This test case demonstrates distributed training of Picotron, a distributed training framework for education and research experimentation. Picotron is designed for training speed, scalability, and memory efficiency.
The provided Dockerfile (picotron.Dockerfile
) will set up the environment with all required dependencies:
docker build -t picotron -f picotron.Dockerfile .
First, create a Hugging Face account to retrieve a token. Log in to your account and create an access token from Hugging Face Tokens.
Save the token onto the head node and download the Llama model:
huggingface-cli login
You will be prompted to input the token.
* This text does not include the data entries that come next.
(* Let $X$ be a finite simple connected graph and $u,v \in V(X)$. If $u$ and $v$ are antipodal vertices, then $u$ and $v$ are spectrally extremal vertices and they are strongly cospectral. Conversely, if $u$ is spectrally extremal, $u$ and $v$ are strongly cospectral, and $d(u,v) = \varepsilon_u$, then $u$ and $v$ are antipodal vertices.
   Context: $A$ is the adjacency matrix of $X$ with spectral decomposition $A = \sum_r \theta_r E_r$ ($\theta_r$ distinct eigenvalues, $E_r$ orthogonal projections onto eigenspaces); $e_w$ is the standard basis vector of $w$. Eigenvalue support: $\Phi_u = \{\theta_r : E_r e_u \ne 0\}$; dual degree $d^*(u) = |\Phi_u|-1$; eccentricity $\varepsilon_u = \max_w d(u,w)$; $u$ is spectrally extremal if $\varepsilon_u = d^*(u)$ (in general $\varepsilon_u \le d^*(u)$). Vertices $u,v$ are cospectral if $X\setminus u$ and $X\setminus v$ have the same adjacency spectrum (equivalently $(E_r)_{u,u}=(E_r)_{v,v}$ for all $r$), and strongly cospectral if $E_r e_u = \pm E_r e_v$ for all $r$. Let $\varphi$ be the positive eigenvector of $A$ for its largest eigenvalue and $D = \mathrm{diag}(\varphi)$. A partition of $V(X)$ is pseudo equitable if for each class $C$ and each vertex $x$, the sum $\sum_{y \in C} (D^{-1}AD)_{x,y}$ depends only on the class containing $x$. The distance partition of $u$ is the partition of $V(X)$ into the sets $\{w : d(u,w) = i\}$. Vertices $u$ and $v$ are antipodal if: there is a pseudo equitable partition that is simultaneously the distance partition of $u$ and the distance partition of $v$; $\{u\}$ and $\{v\}$ are singleton classes of this partition at maximum distance from each other; and $u$ and $v$ are cospectral. *)

theory Defs
  imports "HOL-Analysis.Analysis"
begin

definition simple_graph :: "('n::finite \<Rightarrow> 'n \<Rightarrow> bool) \<Rightarrow> bool" where
  "simple_graph adj \<longleftrightarrow> (\<forall>x y. adj x y \<longrightarrow> adj y x) \<and> (\<forall>x. \<not> adj x x)"

definition connected_graph :: "('n::finite \<Rightarrow> 'n \<Rightarrow> bool) \<Rightarrow> bool" where
  "connected_graph adj \<longleftrightarrow> (\<forall>u w. \<exists>n. (adj ^^ n) u w)"

definition gdist :: "('n::finite \<Rightarrow> 'n \<Rightarrow> bool) \<Rightarrow> 'n \<Rightarrow> 'n \<Rightarrow> nat" where
  "gdist adj u w = (LEAST n. (adj ^^ n) u w)"

definition ecc :: "('n::finite \<Rightarrow> 'n \<Rightarrow> bool) \<Rightarrow> 'n \<Rightarrow> nat" where
  "ecc adj u = Max (range (gdist adj u))"

definition adj_matrix :: "('n::finite \<Rightarrow> 'n \<Rightarrow> bool) \<Rightarrow> real^'n^'n" where
  "adj_matrix adj = (\<chi> i j. if adj i j then 1 else 0)"

definition eigenvalue :: "('n::finite \<Rightarrow> 'n \<Rightarrow> bool) \<Rightarrow> real \<Rightarrow> bool" where
  "eigenvalue adj \<theta> \<longleftrightarrow> (\<exists>x. x \<noteq> 0 \<and> adj_matrix adj *v x = \<theta> *\<^sub>R x)"

definition eigenspace :: "('n::finite \<Rightarrow> 'n \<Rightarrow> bool) \<Rightarrow> real \<Rightarrow> (real^'n) set" where
  "eigenspace adj \<theta> = {x. adj_matrix adj *v x = \<theta> *\<^sub>R x}"

definition eproj :: "('n::finite \<Rightarrow> 'n \<Rightarrow> bool) \<Rightarrow> real \<Rightarrow> real^'n^'n" where
  "eproj adj \<theta> = (THE P. P ** P = P \<and> transpose P = P \<and>
                        range (\<lambda>x. P *v x) = eigenspace adj \<theta>)"

definition evec :: "'n::finite \<Rightarrow> real^'n" where
  "evec w = axis w 1"

definition eig_support :: "('n::finite \<Rightarrow> 'n \<Rightarrow> bool) \<Rightarrow> 'n \<Rightarrow> real set" where
  "eig_support adj u = {\<theta>. eigenvalue adj \<theta> \<and> eproj adj \<theta> *v evec u \<noteq> 0}"

definition dual_degree :: "('n::finite \<Rightarrow> 'n \<Rightarrow> bool) \<Rightarrow> 'n \<Rightarrow> nat" where
  "dual_degree adj u = card (eig_support adj u) - 1"

definition spectrally_extremal :: "('n::finite \<Rightarrow> 'n \<Rightarrow> bool) \<Rightarrow> 'n \<Rightarrow> bool" where
  "spectrally_extremal adj u \<longleftrightarrow> ecc adj u = dual_degree adj u"

definition cospectral :: "('n::finite \<Rightarrow> 'n \<Rightarrow> bool) \<Rightarrow> 'n \<Rightarrow> 'n \<Rightarrow> bool" where
  "cospectral adj u v \<longleftrightarrow>
     (\<forall>\<theta>. eigenvalue adj \<theta> \<longrightarrow> eproj adj \<theta> $ u $ u = eproj adj \<theta> $ v $ v)"

definition strongly_cospectral :: "('n::finite \<Rightarrow> 'n \<Rightarrow> bool) \<Rightarrow> 'n \<Rightarrow> 'n \<Rightarrow> bool" where
  "strongly_cospectral adj u v \<longleftrightarrow>
     (\<forall>\<theta>. eigenvalue adj \<theta> \<longrightarrow>
        eproj adj \<theta> *v evec u = eproj adj \<theta> *v evec v \<or>
        eproj adj \<theta> *v evec u = - (eproj adj \<theta> *v evec v))"

definition perron_vec :: "('n::finite \<Rightarrow> 'n \<Rightarrow> bool) \<Rightarrow> real^'n" where
  "perron_vec adj = (SOME \<phi>. (\<forall>i. \<phi> $ i > 0) \<and>
      adj_matrix adj *v \<phi> = Max {\<theta>. eigenvalue adj \<theta>} *\<^sub>R \<phi>)"

text \<open>Entries of D^-1 A D with D = diag(\<phi>).\<close>
definition scaled_adj :: "('n::finite \<Rightarrow> 'n \<Rightarrow> bool) \<Rightarrow> 'n \<Rightarrow> 'n \<Rightarrow> real" where
  "scaled_adj adj x y = adj_matrix adj $ x $ y * perron_vec adj $ y / perron_vec adj $ x"

definition is_partition :: "'n set set \<Rightarrow> bool" where
  "is_partition P \<longleftrightarrow> \<Union>P = UNIV \<and> {} \<notin> P \<and>
     (\<forall>C\<in>P. \<forall>C'\<in>P. C \<noteq> C' \<longrightarrow> C \<inter> C' = {})"

definition pseudo_equitable :: "('n::finite \<Rightarrow> 'n \<Rightarrow> bool) \<Rightarrow> 'n set set \<Rightarrow> bool" where
  "pseudo_equitable adj P \<longleftrightarrow> is_partition P \<and>
     (\<forall>C\<in>P. \<forall>C'\<in>P. \<forall>x\<in>C'. \<forall>x'\<in>C'.
        (\<Sum>y\<in>C. scaled_adj adj x y) = (\<Sum>y\<in>C. scaled_adj adj x' y))"

definition distance_partition :: "('n::finite \<Rightarrow> 'n \<Rightarrow> bool) \<Rightarrow> 'n \<Rightarrow> 'n set set" where
  "distance_partition adj u = (\<lambda>i. {w. gdist adj u w = i}) ` range (gdist adj u)"

definition antipodal :: "('n::finite \<Rightarrow> 'n \<Rightarrow> bool) \<Rightarrow> 'n \<Rightarrow> 'n \<Rightarrow> bool" where
  "antipodal adj u v \<longleftrightarrow>
     (\<exists>P. pseudo_equitable adj P \<and> P = distance_partition adj u \<and>
          P = distance_partition adj v \<and> {u} \<in> P \<and> {v} \<in> P \<and>
          gdist adj u v = ecc adj u) \<and>
     cospectral adj u v"

end

theory Submission
  imports Defs "HOL-Computational_Algebra.Polynomial"
begin

text \<open>The vertex vector \<open>e\<^sub>u\<close> generates the \<open>A\<close>-invariant Krylov space
  \<open>K\<^sub>u = span {A\<^sup>k e\<^sub>u}\<close>. It is spanned by the pairwise orthogonal nonzero vectors \<open>E\<^sub>r e\<^sub>u\<close>,
  so \<open>dim K\<^sub>u = |\<Phi>\<^sub>u| = d*(u) + 1\<close>; and \<open>A\<^sup>i e\<^sub>u\<close> is the first of the vectors \<open>A\<^sup>k e\<^sub>u\<close> to
  reach the vertices at distance \<open>i\<close>, so \<open>dim K\<^sub>u \<ge> \<epsilon>\<^sub>u + 1\<close>. The Perron vector \<open>\<phi>\<close> restricted
  to the distance classes of \<open>u\<close> gives the layer vectors, which span a space \<open>L\<^sub>u \<ni> e\<^sub>u\<close> of
  dimension at most \<open>\<epsilon>\<^sub>u + 1\<close>; the distance partition of \<open>u\<close> is pseudo equitable exactly when
  \<open>L\<^sub>u\<close> is \<open>A\<close>-invariant, that is, exactly when \<open>K\<^sub>u = L\<^sub>u\<close>. Then \<open>u\<close> is spectrally
  extremal, and a singleton class \<open>{v}\<close> puts \<open>e\<^sub>v\<close> into \<open>K\<^sub>u\<close>, which together with
  cospectrality is strong cospectrality.

  Conversely, let \<open>d = d(u,v) = \<epsilon>\<^sub>u = d*(u)\<close> and \<open>e\<^sub>v \<in> K\<^sub>u\<close>. For each \<open>i \<le> d\<close> the spans of
  \<open>e\<^sub>u, \<dots>, A\<^sup>i e\<^sub>u\<close> and of \<open>e\<^sub>v, \<dots>, A\<^bsup>d-i\<^esup> e\<^sub>v\<close> have dimensions summing to at least \<open>d + 2\<close>
  inside the \<open>(d + 1)\<close>-dimensional \<open>K\<^sub>u\<close>, so they share a nonzero vector, supported on the vertices at
  distance \<open>i\<close> from \<open>u\<close> and \<open>d - i\<close> from \<open>v\<close>. These vectors form a basis of \<open>K\<^sub>u\<close>; expanding
  \<open>\<phi> \<in> K\<^sub>u\<close> in it shows that every vertex lies on a geodesic from \<open>u\<close> to \<open>v\<close> and that
  \<open>K\<^sub>u = L\<^sub>u\<close>.\<close>

section \<open>Linear algebra\<close>

lemma symmetric_matrix_inner:
  fixes M :: "real^'n^'n"
  assumes "transpose M = M"
  shows "(M *v x) \<bullet> y = x \<bullet> (M *v y)"
  by (metis assms dot_lmul_matrix transpose_matrix_vector)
Paste the token and answer n
when asked to add the token as a git credential.
_| _| _| _| _|_|_| _|_|_| _|_|_| _| _| _|_|_| _|_|_|_| _|_| _|_|_| _|_|_|_|
_| _| _| _| _| _| _| _|_| _| _| _| _| _| _| _|
_|_|_|_| _| _| _| _|_| _| _|_| _| _| _| _| _| _|_| _|_|_| _|_|_|_| _| _|_|_|
_| _| _| _| _| _| _| _| _| _| _|_| _| _| _| _| _| _| _|
_| _| _|_| _|_|_| _|_|_| _|_|_| _| _| _|_|_| _| _| _| _|_|_| _|_|_|_|
To login, `huggingface_hub` requires a token generated from https://huggingface.co/settings/tokens .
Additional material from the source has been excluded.